====== DATA

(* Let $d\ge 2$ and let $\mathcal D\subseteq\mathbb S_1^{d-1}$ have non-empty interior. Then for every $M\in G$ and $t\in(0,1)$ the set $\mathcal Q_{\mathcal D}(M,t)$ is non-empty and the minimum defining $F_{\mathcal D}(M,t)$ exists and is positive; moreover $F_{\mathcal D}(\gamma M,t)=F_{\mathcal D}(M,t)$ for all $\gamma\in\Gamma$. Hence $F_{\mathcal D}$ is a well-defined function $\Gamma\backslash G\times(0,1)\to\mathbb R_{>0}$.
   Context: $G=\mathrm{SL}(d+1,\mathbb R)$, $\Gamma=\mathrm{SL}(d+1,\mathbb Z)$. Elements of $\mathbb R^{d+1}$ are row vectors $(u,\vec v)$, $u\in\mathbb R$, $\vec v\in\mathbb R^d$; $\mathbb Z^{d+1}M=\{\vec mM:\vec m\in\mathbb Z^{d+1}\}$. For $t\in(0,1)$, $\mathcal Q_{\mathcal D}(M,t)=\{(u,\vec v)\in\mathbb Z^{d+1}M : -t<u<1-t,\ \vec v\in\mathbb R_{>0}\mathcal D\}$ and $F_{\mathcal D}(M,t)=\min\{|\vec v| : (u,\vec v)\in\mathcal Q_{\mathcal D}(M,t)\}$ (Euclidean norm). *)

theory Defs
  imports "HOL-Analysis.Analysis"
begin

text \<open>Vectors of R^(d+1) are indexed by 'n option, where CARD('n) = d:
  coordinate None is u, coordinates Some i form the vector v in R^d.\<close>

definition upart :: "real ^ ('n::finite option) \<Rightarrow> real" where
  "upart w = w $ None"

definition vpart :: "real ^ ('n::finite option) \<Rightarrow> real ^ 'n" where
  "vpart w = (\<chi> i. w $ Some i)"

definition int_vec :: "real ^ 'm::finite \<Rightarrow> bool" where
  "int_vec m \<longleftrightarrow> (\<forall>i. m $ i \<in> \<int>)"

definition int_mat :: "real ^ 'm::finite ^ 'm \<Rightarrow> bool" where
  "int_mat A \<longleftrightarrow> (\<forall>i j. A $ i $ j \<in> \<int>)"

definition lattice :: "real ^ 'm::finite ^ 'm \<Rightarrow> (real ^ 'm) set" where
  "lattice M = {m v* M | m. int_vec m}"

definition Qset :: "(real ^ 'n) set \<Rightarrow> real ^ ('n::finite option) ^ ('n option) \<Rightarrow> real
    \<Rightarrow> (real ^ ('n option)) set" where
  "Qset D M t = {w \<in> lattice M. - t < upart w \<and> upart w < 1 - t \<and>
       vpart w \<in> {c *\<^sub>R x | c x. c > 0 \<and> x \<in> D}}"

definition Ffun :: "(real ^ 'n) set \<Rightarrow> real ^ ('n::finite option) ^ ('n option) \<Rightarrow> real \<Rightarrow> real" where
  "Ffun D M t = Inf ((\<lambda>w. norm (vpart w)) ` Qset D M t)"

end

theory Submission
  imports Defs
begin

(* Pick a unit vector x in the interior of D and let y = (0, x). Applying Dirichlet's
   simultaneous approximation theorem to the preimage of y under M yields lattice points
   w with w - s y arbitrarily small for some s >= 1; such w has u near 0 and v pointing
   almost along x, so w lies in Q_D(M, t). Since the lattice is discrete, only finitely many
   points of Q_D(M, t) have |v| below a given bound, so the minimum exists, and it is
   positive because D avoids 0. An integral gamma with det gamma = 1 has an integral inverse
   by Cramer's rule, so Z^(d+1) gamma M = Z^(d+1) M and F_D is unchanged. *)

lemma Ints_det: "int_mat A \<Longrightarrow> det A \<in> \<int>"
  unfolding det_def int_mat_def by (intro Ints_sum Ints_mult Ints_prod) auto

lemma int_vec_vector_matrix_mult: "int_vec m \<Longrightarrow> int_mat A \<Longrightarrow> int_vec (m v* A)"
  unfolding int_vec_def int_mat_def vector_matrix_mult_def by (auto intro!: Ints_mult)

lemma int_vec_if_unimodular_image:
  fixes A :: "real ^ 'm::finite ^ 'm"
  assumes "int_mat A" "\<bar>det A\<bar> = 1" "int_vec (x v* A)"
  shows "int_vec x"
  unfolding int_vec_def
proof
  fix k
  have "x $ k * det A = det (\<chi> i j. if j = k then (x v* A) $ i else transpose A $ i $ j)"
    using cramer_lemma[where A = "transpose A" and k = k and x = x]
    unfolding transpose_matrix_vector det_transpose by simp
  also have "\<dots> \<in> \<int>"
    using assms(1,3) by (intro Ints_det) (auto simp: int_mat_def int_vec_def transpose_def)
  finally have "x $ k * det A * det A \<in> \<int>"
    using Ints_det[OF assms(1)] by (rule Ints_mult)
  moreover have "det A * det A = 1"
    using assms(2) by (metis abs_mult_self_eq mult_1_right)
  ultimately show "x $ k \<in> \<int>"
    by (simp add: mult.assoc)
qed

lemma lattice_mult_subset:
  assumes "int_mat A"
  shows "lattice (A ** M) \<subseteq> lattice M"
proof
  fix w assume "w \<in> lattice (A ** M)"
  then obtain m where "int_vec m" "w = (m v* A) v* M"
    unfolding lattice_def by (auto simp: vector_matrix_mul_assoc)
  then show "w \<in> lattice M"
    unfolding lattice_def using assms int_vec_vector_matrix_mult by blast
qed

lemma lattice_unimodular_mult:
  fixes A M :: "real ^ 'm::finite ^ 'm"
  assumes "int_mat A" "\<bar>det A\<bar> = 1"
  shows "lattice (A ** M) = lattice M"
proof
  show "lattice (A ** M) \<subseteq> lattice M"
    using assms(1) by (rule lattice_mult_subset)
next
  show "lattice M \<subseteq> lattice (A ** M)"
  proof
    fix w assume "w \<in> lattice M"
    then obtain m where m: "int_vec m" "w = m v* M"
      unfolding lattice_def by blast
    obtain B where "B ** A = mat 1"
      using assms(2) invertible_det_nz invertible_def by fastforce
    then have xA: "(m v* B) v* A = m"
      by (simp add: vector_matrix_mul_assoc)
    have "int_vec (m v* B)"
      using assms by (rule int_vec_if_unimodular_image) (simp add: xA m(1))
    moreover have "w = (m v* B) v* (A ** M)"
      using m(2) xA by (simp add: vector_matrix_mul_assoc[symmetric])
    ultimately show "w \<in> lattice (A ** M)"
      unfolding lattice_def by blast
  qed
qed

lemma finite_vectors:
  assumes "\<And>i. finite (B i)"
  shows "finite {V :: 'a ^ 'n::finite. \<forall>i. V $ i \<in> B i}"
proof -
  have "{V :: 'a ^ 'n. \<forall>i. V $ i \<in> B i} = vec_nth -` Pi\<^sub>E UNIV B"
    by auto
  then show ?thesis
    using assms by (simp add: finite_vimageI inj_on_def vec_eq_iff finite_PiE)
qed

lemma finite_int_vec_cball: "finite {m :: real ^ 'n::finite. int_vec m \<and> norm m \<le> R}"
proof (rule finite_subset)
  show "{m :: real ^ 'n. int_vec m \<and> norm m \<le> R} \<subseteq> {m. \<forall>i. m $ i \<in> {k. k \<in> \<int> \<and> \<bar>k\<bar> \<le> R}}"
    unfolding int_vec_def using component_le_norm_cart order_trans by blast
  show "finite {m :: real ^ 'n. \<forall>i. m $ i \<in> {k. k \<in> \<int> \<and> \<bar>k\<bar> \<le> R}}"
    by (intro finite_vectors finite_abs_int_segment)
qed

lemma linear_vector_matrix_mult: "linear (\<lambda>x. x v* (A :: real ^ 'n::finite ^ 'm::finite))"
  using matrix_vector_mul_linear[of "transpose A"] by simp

============

**PROBLEM STATEMENT:** The listing above is to be transcribed exactly. Include every line.

**ANSWER TO THIS TASK:**
(* Let $d\ge 2$ and let $\mathcal D\subseteq\mathbb S_1^{d-1}$ have non-empty interior. Then for every $M\in G$ and $t\in(0,1)$ the set $\mathcal Q_{\mathcal D}(M,t)$ is non-empty and the minimum defining $F_{\mathcal D}(M,t)$ exists and is positive; moreover $F_{\mathcal D}(\gamma M,t)=F_{\mathcal D}(M,t)$ for all $\gamma\in\Gamma$. Hence $F_{\mathcal D}$ is a well-defined function $\Gamma\backslash G\times(0,1)\to\mathbb R_{>0}$.
   Context: $G=\mathrm{SL}(d+1,\mathbb R)$, $\Gamma=\mathrm{SL}(d+1,\mathbb Z)$. Elements of $\mathbb R^{d+1}$ are row vectors $(u,\vec v)$, $u\in\mathbb R$, $\vec v\in\mathbb R^d$; $\mathbb Z^{d+1}M=\{\vec mM:\vec m\in\mathbb Z^{d+1}\}$. For $t\in(0,1)$, $\mathcal Q_{\mathcal D}(M,t)=\{(u,\vec v)\in\mathbb Z^{d+1}M : -t<u<1-t,\ \vec v\in\mathbb R_{>0}\mathcal D\}$ and $F_{\mathcal D}(M,t)=\min\{|\vec v| : (u,\vec v)\in\mathcal Q_{\mathcal D}(M,t)\}$ (Euclidean norm). *)

theory Defs
  imports "HOL-Analysis.Analysis"
begin

text \<open>Vectors of R^(d+1) are indexed by 'n option, where CARD('n) = d:
  coordinate None is u, coordinates Some i form the vector v in R^d.\<close>

definition upart :: "real ^ ('n::finite option) \<Rightarrow> real" where
  "upart w = w $ None"

definition vpart :: "real ^ ('n::finite option) \<Rightarrow> real ^ 'n" where
  "vpart w = (\<chi> i. w $ Some i)"

definition int_vec :: "real ^ 'm::finite \<Rightarrow> bool" where
  "int_vec m \<longleftrightarrow> (\<forall>i. m $ i \<in> \<int>)"

definition int_mat :: "real ^ 'm::finite ^ 'm \<Rightarrow> bool" where
  "int_mat A \<longleftrightarrow> (\<forall>i j. A $ i $ j \<in> \<int>)"

definition lattice :: "real ^ 'm::finite ^ 'm \<Rightarrow> (real ^ 'm) set" where
  "lattice M = {m v* M | m. int_vec m}"

definition Qset :: "(real ^ 'n) set \<Rightarrow> real ^ ('n::finite option) ^ ('n option) \<Rightarrow> real
    \<Rightarrow> (real ^ ('n option)) set" where
  "Qset D M t = {w \<in> lattice M. - t < upart w \<and> upart w < 1 - t \<and>
       vpart w \<in> {c *\<^sub>R x | c x. c > 0 \<and> x \<in> D}}"

definition Ffun :: "(real ^ 'n) set \<Rightarrow> real ^ ('n::finite option) ^ ('n option) \<Rightarrow> real \<Rightarrow> real" where
  "Ffun D M t = Inf ((\<lambda>w. norm (vpart w)) ` Qset D M t)"

end

theory Submission
  imports Defs
begin

(* Pick a unit vector x in the interior of D and let y = (0, x). Applying Dirichlet's
   simultaneous approximation theorem to the preimage of y under M yields lattice points
   w with w - s y arbitrarily small for some s >= 1; such w has u near 0 and v pointing
   almost along x, so w lies in Q_D(M, t). Since the lattice is discrete, only finitely many
   points of Q_D(M, t) have |v| below a given bound, so the minimum exists, and it is
   positive because D avoids 0. An integral gamma with det gamma = 1 has an integral inverse
   by Cramer's rule, so Z^(d+1) gamma M = Z^(d+1) M and F_D is unchanged. *)

lemma Ints_det: "int_mat A \<Longrightarrow> det A \<in> \<int>"
  unfolding det_def int_mat_def by (intro Ints_sum Ints_mult Ints_prod) auto

lemma int_vec_vector_matrix_mult: "int_vec m \<Longrightarrow> int_mat A \<Longrightarrow> int_vec (m v* A)"
  unfolding int_vec_def int_mat_def vector_matrix_mult_def by (auto intro!: Ints_mult)

lemma int_vec_if_unimodular_image:
  fixes A :: "real ^ 'm::finite ^ 'm"
  assumes "int_mat A" "\<bar>det A\<bar> = 1" "int_vec (x v* A)"
  shows "int_vec x"
  unfolding int_vec_def
proof
  fix k
  have "x $ k * det A = det (\<chi> i j. if j = k then (x v* A) $ i else transpose A $ i $ j)"
    using cramer_lemma[where A = "transpose A" and k = k and x = x]
    unfolding transpose_matrix_vector det_transpose by simp
  also have "\<dots> \<in> \<int>"
    using assms(1,3) by (intro Ints_det) (auto simp: int_mat_def int_vec_def transpose_def)
  finally have "x $ k * det A * det A \<in> \<int>"
    using Ints_det[OF assms(1)] by (rule Ints_mult)
  moreover have "det A * det A = 1"
    using assms(2) by (metis abs_mult_self_eq mult_1_right)
  ultimately show "x $ k \<in> \<int>"
    by (simp add: mult.assoc)
qed

lemma lattice_mult_subset:
  assumes "int_mat A"
  shows "lattice (A ** M) \<subseteq> lattice M"
proof
  fix w assume "w \<in> lattice (A ** M)"
  then obtain m where "int_vec m" "w = (m v* A) v* M"
    unfolding lattice_def by (auto simp: vector_matrix_mul_assoc)
  then show "w \<in> lattice M"
    unfolding lattice_def using assms int_vec_vector_matrix_mult by blast
qed

lemma lattice_unimodular_mult:
  fixes A M :: "real ^ 'm::finite ^ 'm"
  assumes "int_mat A" "\<bar>det A\<bar> = 1"
  shows "lattice (A ** M) = lattice M"
proof
  show "lattice (A ** M) \<subseteq> lattice M"
    using assms(1) by (rule lattice_mult_subset)
next
  show "lattice M \<subseteq> lattice (A ** M)"
  proof
    fix w assume "w \<in> lattice M"
    then obtain m where m: "int_vec m" "w = m v* M"
      unfolding lattice_def by blast
    obtain B where "B ** A = mat 1"
      using assms(2) invertible_det_nz invertible_def by fastforce
    then have xA: "(m v* B) v* A = m"
      by (simp add: vector_matrix_mul_assoc)
    have "int_vec (m v* B)"
      using assms by (rule int_vec_if_unimodular_image) (simp add: xA m(1))
    moreover have "w = (m v* B) v* (A ** M)"
      using m(2) xA by (simp add: vector_matrix_mul_assoc[symmetric])
    ultimately show "w \<in> lattice (A ** M)"
      unfolding lattice_def by blast
  qed
qed

lemma finite_vectors:
  assumes "\<And>i. finite (B i)"
  shows "finite {V :: 'a ^ 'n::finite. \<forall>i. V $ i \<in> B i}"
proof -
  have "{V :: 'a ^ 'n. \<forall>i. V $ i \<in> B i} = vec_nth -` Pi\<^sub>E UNIV B"
    by auto
  then show ?thesis
    using assms by (simp add: finite_vimageI inj_on_def vec_eq_iff finite_PiE)
qed

lemma finite_int_vec_cball: "finite {m :: real ^ 'n::finite. int_vec m \<and> norm m \<le> R}"
proof (rule finite_subset)
  show "{m :: real ^ 'n. int_vec m \<and> norm m \<le> R} \<subseteq> {m. \<forall>i. m $ i \<in> {k. k \<in> \<int> \<and> \<bar>k\<bar> \<le> R}}"
    unfolding int_vec_def using component_le_norm_cart order_trans by blast
  show "finite {m :: real ^ 'n. \<forall>i. m $ i \<in> {k. k \<in> \<int> \<and> \<bar>k\<bar> \<le> R}}"
    by (intro finite_vectors finite_abs_int_segment)
qed

lemma linear_vector_matrix_mult: "linear (\<lambda>x. x v* (A :: real ^ 'n::finite ^ 'm::finite))"
  using matrix_vector_mul_linear[of "transpose A"] by simp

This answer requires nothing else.